This is realistic fiction.
  dluby17 | Apr 21, 2015 |
Junie B. Jones just got a new lunch box and she can't WAIT to show it off to her entire class! Her lunchbox has birds and owls on it and it is the coolest thing ever to her! But what do her friends think? Well, the girl in the class that she doesn't get along with, May, thinks that bought lunch is better than brought lunch and puts Junie B. down for her new lunch box. Junie B. Jones misses the cookies in kindergarten that she would always have as a snack, and the woman that would bring it to her- Mrs. Gutzman. Soon, she meets back up with Mrs. Gutzman and she allows for her to be a REAL helper in the kitchen! Once her mother and father sign her permission slip that is. Junie B. Jones in the end doesn't do well at being a kitchen helper- it was very hard work. But at the end of the novel, Mrs. Gutzman brings the class sugar cookies and needs Junie B. Jones to be the real helper to help her pass them out!
  KaylaAnn715 | Mar 3, 2015 |
In my opinion, “Junie B., First Grader: Boss of Lunch” is a great children’s chapter book. Junie B. is now in first grade and believes that brought lunches are better than bought lunches!
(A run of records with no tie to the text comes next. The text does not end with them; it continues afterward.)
(* For any state $\eta$ of $R$, any state $\tau$ of $A$ and any $p\in[0,1]$, with $\Lambda_p(\eta):=p\eta+(1-p)\mathbb{1}/d$ and $d=d_R$, $$\Phi_{\Lambda_p(\eta)}(\tau)=p\,\Phi_\eta(\tau)+(1-p)\,\Phi_{\mathbb{1}/d}(\tau)=p\,\Phi_\eta(\tau)+\frac{1-p}{d}.$$
   Context: $G$ is a compact group with normalized Haar measure $dg$; finite-dimensional systems $A,R$ carry continuous unitary representations $U_A,U_R$. On $RA$, $\mathcal{G}(M)=\int dg\,(U_R(g)\otimes U_A(g))M(U_R(g)\otimes U_A(g))^\dagger$. $\Phi_\eta(\tau):=\inf_{X\ge0}\{\mathrm{tr}[X]:\mathbb{1}_R\otimes X-\mathcal{G}(\eta\otimes\tau)\ge0\}$. *)

theory Defs
  imports "HOL-Analysis.Analysis" "HOL-Algebra.Group"
begin

text \<open>Operators on a finite-dimensional Hilbert space with orthonormal basis indexed by a
finite type 'i are represented as complex matrices  'i => 'i => complex.\<close>

type_synonym 'i op = "'i \<Rightarrow> 'i \<Rightarrow> complex"

definition mmult :: "'i::finite op \<Rightarrow> 'i op \<Rightarrow> 'i op" where
  "mmult M N = (\<lambda>i k. \<Sum>j\<in>UNIV. M i j * N j k)"

definition adj :: "'i op \<Rightarrow> 'i op" where
  "adj M = (\<lambda>i j. cnj (M j i))"

definition idop :: "'i op" where
  "idop = (\<lambda>i j. if i = j then 1 else 0)"

definition tensor :: "'r op \<Rightarrow> 'a op \<Rightarrow> ('r \<times> 'a) op" where
  "tensor M N = (\<lambda>(i, a) (j, b). M i j * N a b)"

definition trace :: "'i::finite op \<Rightarrow> complex" where
  "trace M = (\<Sum>i\<in>UNIV. M i i)"

definition psd :: "'i::finite op \<Rightarrow> bool" where
  "psd M = (\<forall>v :: 'i \<Rightarrow> complex.
      Im (\<Sum>i\<in>UNIV. \<Sum>j\<in>UNIV. cnj (v i) * M i j * v j) = 0 \<and>
      Re (\<Sum>i\<in>UNIV. \<Sum>j\<in>UNIV. cnj (v i) * M i j * v j) \<ge> 0)"

definition state :: "'i::finite op \<Rightarrow> bool" where
  "state M = (psd M \<and> trace M = 1)"

definition unitary_op :: "'i::finite op \<Rightarrow> bool" where
  "unitary_op U = (mmult U (adj U) = idop \<and> mmult (adj U) U = idop)"

definition compact_group_haar ::
  "('g, 'b) monoid_scheme \<Rightarrow> 'g topology \<Rightarrow> 'g measure \<Rightarrow> bool" where
  "compact_group_haar G T \<mu> =
    (group G \<and> topspace T = carrier G \<and> compact_space T \<and> Hausdorff_space T \<and>
     continuous_map (prod_topology T T) T (\<lambda>(x, y). x \<otimes>\<^bsub>G\<^esub> y) \<and>
     continuous_map T T (\<lambda>x. inv\<^bsub>G\<^esub> x) \<and>
     emeasure \<mu> (space \<mu>) = 1 \<and> space \<mu> = carrier G \<and>
     sets \<mu> = sigma_sets (topspace T) {S. openin T S} \<and>
     (\<forall>g\<in>carrier G. \<forall>B\<in>sets \<mu>.
        emeasure \<mu> ((\<lambda>x. g \<otimes>\<^bsub>G\<^esub> x) ` B) = emeasure \<mu> B \<and>
        emeasure \<mu> ((\<lambda>x. x \<otimes>\<^bsub>G\<^esub> g) ` B) = emeasure \<mu> B) \<and>
     (\<forall>B\<in>sets \<mu>. emeasure \<mu> B = (INF U\<in>{U. openin T U \<and> B \<subseteq> U}. emeasure \<mu> U)) \<and>
     (\<forall>U. openin T U \<longrightarrow>
        emeasure \<mu> U = (SUP K\<in>{K. compactin T K \<and> K \<subseteq> U}. emeasure \<mu> K)))"

definition unitary_rep ::
  "('g, 'b) monoid_scheme \<Rightarrow> 'g topology \<Rightarrow> ('g \<Rightarrow> 'i::finite op) \<Rightarrow> bool" where
  "unitary_rep G T U =
    ((\<forall>g\<in>carrier G. unitary_op (U g)) \<and>
     U \<one>\<^bsub>G\<^esub> = idop \<and>
     (\<forall>g\<in>carrier G. \<forall>h\<in>carrier G. U (g \<otimes>\<^bsub>G\<^esub> h) = mmult (U g) (U h)) \<and>
     (\<forall>i j. continuous_map T euclidean (\<lambda>g. U g i j)))"

definition twirl ::
  "'g measure \<Rightarrow> ('g \<Rightarrow> 'r::finite op) \<Rightarrow> ('g \<Rightarrow> 'a::finite op) \<Rightarrow> ('r \<times> 'a) op \<Rightarrow> ('r \<times> 'a) op" where
  "twirl \<mu> UR UA M = (\<lambda>x y. integral\<^sup>L \<mu>
      (\<lambda>g. mmult (mmult (tensor (UR g) (UA g)) M) (adj (tensor (UR g) (UA g))) x y))"

text \<open>Phi_eta(tau) = inf { tr X : X \<ge> 0, 1_R \<otimes> X - G(eta \<otimes> tau) \<ge> 0 }.
  (tr X is real for X \<ge> 0; we take its real part.)\<close>
definition Phi ::
  "'g measure \<Rightarrow> ('g \<Rightarrow> 'r::finite op) \<Rightarrow> ('g \<Rightarrow> 'a::finite op) \<Rightarrow> 'r op \<Rightarrow> 'a op \<Rightarrow> real" where
  "Phi \<mu> UR UA \<eta> \<tau> = Inf {Re (trace X) | X :: 'a op. psd X \<and>
      psd (\<lambda>x y. tensor (idop :: 'r op) X x y - twirl \<mu> UR UA (tensor \<eta> \<tau>) x y)}"

definition depol :: "real \<Rightarrow> 'r::finite op \<Rightarrow> 'r op" where
  "depol p \<eta> = (\<lambda>i j. complex_of_real p * \<eta> i j +
      complex_of_real ((1 - p) / real CARD('r)) * idop i j)"

definition maxmixed :: "'r::finite op" where
  "maxmixed = (\<lambda>i j. idop i j / complex_of_real (real CARD('r)))"

end

theory Submission
  imports Defs
begin

text \<open>The twirl is linear and, \<open>U\<^sub>R(g)\<close> being unitary, maps \<open>1 \<otimes> \<tau>\<close> to \<open>1 \<otimes> S\<close>, where
  \<open>S\<close> is the twirl of \<open>\<tau>\<close> under \<open>U\<^sub>A\<close> alone, again a state. Hence
  \<open>\<G>(\<Lambda>\<^sub>p(\<eta>) \<otimes> \<tau>) = p \<G>(\<eta> \<otimes> \<tau>) + (1 - p)/d \<cdot> 1 \<otimes> S\<close>, and for \<open>p > 0\<close> the
  substitution \<open>X = p Y + (1 - p)/d \<cdot> S\<close> is a bijection from the feasible \<open>Y\<close> for \<open>\<eta>\<close> onto the
  feasible \<open>X\<close> for \<open>\<Lambda>\<^sub>p(\<eta>)\<close>, changing the trace by \<open>t \<mapsto> p t + (1 - p)/d\<close>; the infimum
  follows along. The constraint \<open>X \<ge> 0\<close> needs no care of its own: \<open>1 \<otimes> Y \<ge> \<G>(\<eta> \<otimes> \<tau>)\<close>
  already forces \<open>Y \<ge> 0\<close>, because \<open>\<G>(\<eta> \<otimes> \<tau>)\<close> is positive on product vectors. Running the
  same argument with \<open>\<G>(\<eta> \<otimes> \<tau>)\<close> replaced by \<open>0\<close> gives \<open>\<Phi>\<^bsub>1/d\<^esub>(\<tau>) = tr S / d = 1/d\<close>,
  which also covers \<open>p = 0\<close>.\<close>

section \<open>Quadratic forms and positive semidefiniteness\<close>

definition qform :: "'i::finite op \<Rightarrow> ('i \<Rightarrow> complex) \<Rightarrow> complex" where
  "qform M v = (\<Sum>i\<in>UNIV. \<Sum>j\<in>UNIV. cnj (v i) * M i j * v j)"

definition sesq :: "'i::finite op \<Rightarrow> ('i \<Rightarrow> complex) \<Rightarrow> ('i \<Rightarrow> complex) \<Rightarrow> complex" where
  "sesq M u w = (\<Sum>i\<in>UNIV. \<Sum>j\<in>UNIV. cnj (u i) * M i j * w j)"

definition hermitian :: "'i op \<Rightarrow> bool" where
  "hermitian M \<longleftrightarrow> adj M = M"

lemma hermitian_iff: "hermitian M \<longleftrightarrow> (\<forall>i j. cnj (M j i) = M i j)"
  by (auto simp: hermitian_def adj_def fun_eq_iff)

lemma psd_iff_qform: "psd M \<longleftrightarrow> (\<forall>v. qform M v \<in> \<real>\<^sub>\<ge>\<^sub>0)"
  by (auto simp: psd_def qform_def complex_nonneg_Reals_iff)

lemma qform_add: "qform (\<lambda>x y. A x y + B x y) v = qform A v + qform B v"
  by (simp add: qform_def algebra_simps sum.distrib)

lemma qform_diff: "qform (\<lambda>x y. A x y - B x y) v = qform A v - qform B v"
  by (simp add: qform_def algebra_simps sum_subtractf)

lemma qform_scale: "qform (\<lambda>x y. c * A x y) v = c * qform A v"
  by (simp add: qform_def algebra_simps sum_distrib_left)

lemma psd_add: "psd A \<Longrightarrow> psd B \<Longrightarrow> psd (\<lambda>x y. A x y + B x y)"
  by (simp add: psd_iff_qform qform_add)

lemma psd_scale: "0 \<le> c \<Longrightarrow> psd A \<Longrightarrow> psd (\<lambda>x y. complex_of_real c * A x y)"
  by (simp add: psd_iff_qform qform_scale)

lemma psd_scale_iff:
  assumes "0 < c"
  shows "psd (\<lambda>x y. complex_of_real c * A x y) \<longleftrightarrow> psd A"
  using assms by (auto simp: psd_iff_qform qform_scale complex_nonneg_Reals_iff zero_le_mult_iff)

lemma psd_zero: "psd (\<lambda>x y. 0)"
  by (simp add: psd_def)

lemma sum_mult_idop: "(\<Sum>j\<in>UNIV. f j * idop i j) = f (i::'i::finite)"
  by (simp add: idop_def if_distrib[of "\<lambda>x. _ * x"] cong: if_cong)

lemma sum_idop_mult: "(\<Sum>j\<in>UNIV. idop i j * f j) = f (i::'i::finite)"
  using sum_mult_idop[of f i] by (simp add: mult.commute)

lemma cnj_idop [simp]: "cnj (idop i j) = idop i j"
  by (simp add: idop_def)

lemma sesq_idop: "sesq M (idop i) (idop j) = M i j"
  by (simp add: sesq_def sum_mult_idop sum_idop_mult)

lemma qform_sesq_expand:
  "qform M (\<lambda>k. u k + z * w k) = sesq M u u + z * sesq M u w + cnj z * sesq M w u + cnj z * z * sesq M w w"
  by (simp add: qform_def sesq_def algebra_simps sum.distrib sum_distrib_left)

lemma qform_eq_sesq: "qform M v = sesq M v v"
  by (simp add: qform_def sesq_def)

lemma qform_idop_unit: "qform M (idop i) = M i i"
  by (simp add: qform_eq_sesq sesq_idop)

lemma qform_idop: "qform idop v = complex_of_real (\<Sum>i\<in>UNIV. (norm (v i))\<^sup>2)"
proof -
  have "qform idop v = (\<Sum>i\<in>UNIV. cnj (v i) * v i)"
    by (simp add: qform_def mult.assoc sum_idop_mult flip: sum_distrib_left)
  then show ?thesis
    by (simp only: of_real_sum complex_norm_square mult.commute)
qed

lemma psd_idop: "psd idop"
  unfolding psd_iff_qform qform_idop nonneg_Reals_of_real_iff by (simp add: sum_nonneg)

lemma psd_hermitian:
  assumes "psd M"
  shows "hermitian M"
  unfolding hermitian_iff
proof (intro allI)
  fix i j
  have real: "Im (qform M v) = 0" for v
    using assms by (simp add: psd_def qform_def)
  have "Im (M k k) = 0" for k
    using real[of "idop k"] by (simp add: qform_idop_unit)
  moreover have "Im (M i j) + Im (M j i) = 0"
    using real[of "\<lambda>k. idop i k + 1 * idop j k"] \<open>Im (M i i) = 0\<close> \<open>Im (M j j) = 0\<close>
    unfolding qform_sesq_expand sesq_idop by simp
  moreover have "Re (M i j) - Re (M j i) = 0"
    using real[of "\<lambda>k. idop i k + \<i> * idop j k"] \<open>Im (M i i) = 0\<close> \<open>Im (M j j) = 0\<close>
    unfolding qform_sesq_expand sesq_idop by simp
  ultimately show "cnj (M j i) = M i j"
    by (simp add: complex_eq_iff)
qed

lemma hermitian_qform_real:
  assumes "hermitian M"
  shows "qform M v \<in> \<real>"
proof -
  have herm: "cnj (M i j) = M j i" for i j
    using assms by (simp add: hermitian_iff)
  have "cnj (qform M v) = (\<Sum>i\<in>UNIV. \<Sum>j\<in>UNIV. v i * M j i * cnj (v j))"
    by (simp add: qform_def herm)
  also have "\<dots> = qform M v"
    unfolding qform_def by (subst sum.swap) (simp add: mult_ac)
  finally show ?thesis
    by (simp add: Reals_cnj_iff)
qed

lemma psd_diag_nonneg:
  assumes "psd X"
  shows "0 \<le> Re (X i i)"
proof -
  have "qform X (idop i) \<in> \<real>\<^sub>\<ge>\<^sub>0"
    using assms by (simp add: psd_iff_qform)
  then show ?thesis
    by (simp add: qform_idop_unit complex_nonneg_Reals_iff)
qed

lemma psd_trace_nonneg: "psd X \<Longrightarrow> 0 \<le> Re (trace X)"
  by (simp add: trace_def sum_nonneg psd_diag_nonneg)

lemma trace_linear: "trace (\<lambda>i j. a * A i j + b * B i j) = a * trace A + b * trace B"
  by (simp add: trace_def sum.distrib sum_distrib_left)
But when she doesn’t receive a sugar cookie at lunch, she reaches out to Mrs. Gutzman for help. Mrs. Gutzman, the lunch lady, suggests that Junie B. become a lunch helper! First, the plot of the story has a perfect conflict-resolution. The story is engaging for young students because it is relatable. Second, the characters are well-developed and believable. Because the point of view is in first person, the story is extremely funny! Since Junie B. is telling the story it is more entertaining and interesting than the story would be in third person. For example, “I rolled me eyes way up to the sky. ‘Cause Daddy always has to be in on everything.” This shows her spunky personality, that you get to see because the story is in first person. The big idea of this story is teaching children responsibility, and understanding reward from hard work! ( )
  esiera1 | May 9, 2014 |
I loved reading this book. I liked this book because of language and the character. The author writes in a very kid friendly way. Readers are able to easily understand the meaning of the chapter because of the clear detail that is given. Many times you can imagine the scene. For example, " First, I touched some fruit, and an avocado, and a squishy tomato. Then I put my hand in the butter. And also some creamy cottage cheese." Although there is not picture, I can mentally see these items and Junie B. touching them. The second thing that I enjoyed about this book is the character Junie B. Junie B messes up a lot in the story and it is often times relateable to mistakes that real like children can make. Junie B brings humor to the book which I think really pulls in readers. Everything that Junie B also says is appropriate for someone her age. For example, "Look at how big everything is, Mrs. Gutzman," I said. "Look at that big dishwater over there. And look at those big refrigerators! And woah!" Children are often memorized by the smallest things and I think that Junie B captures that very well in her character.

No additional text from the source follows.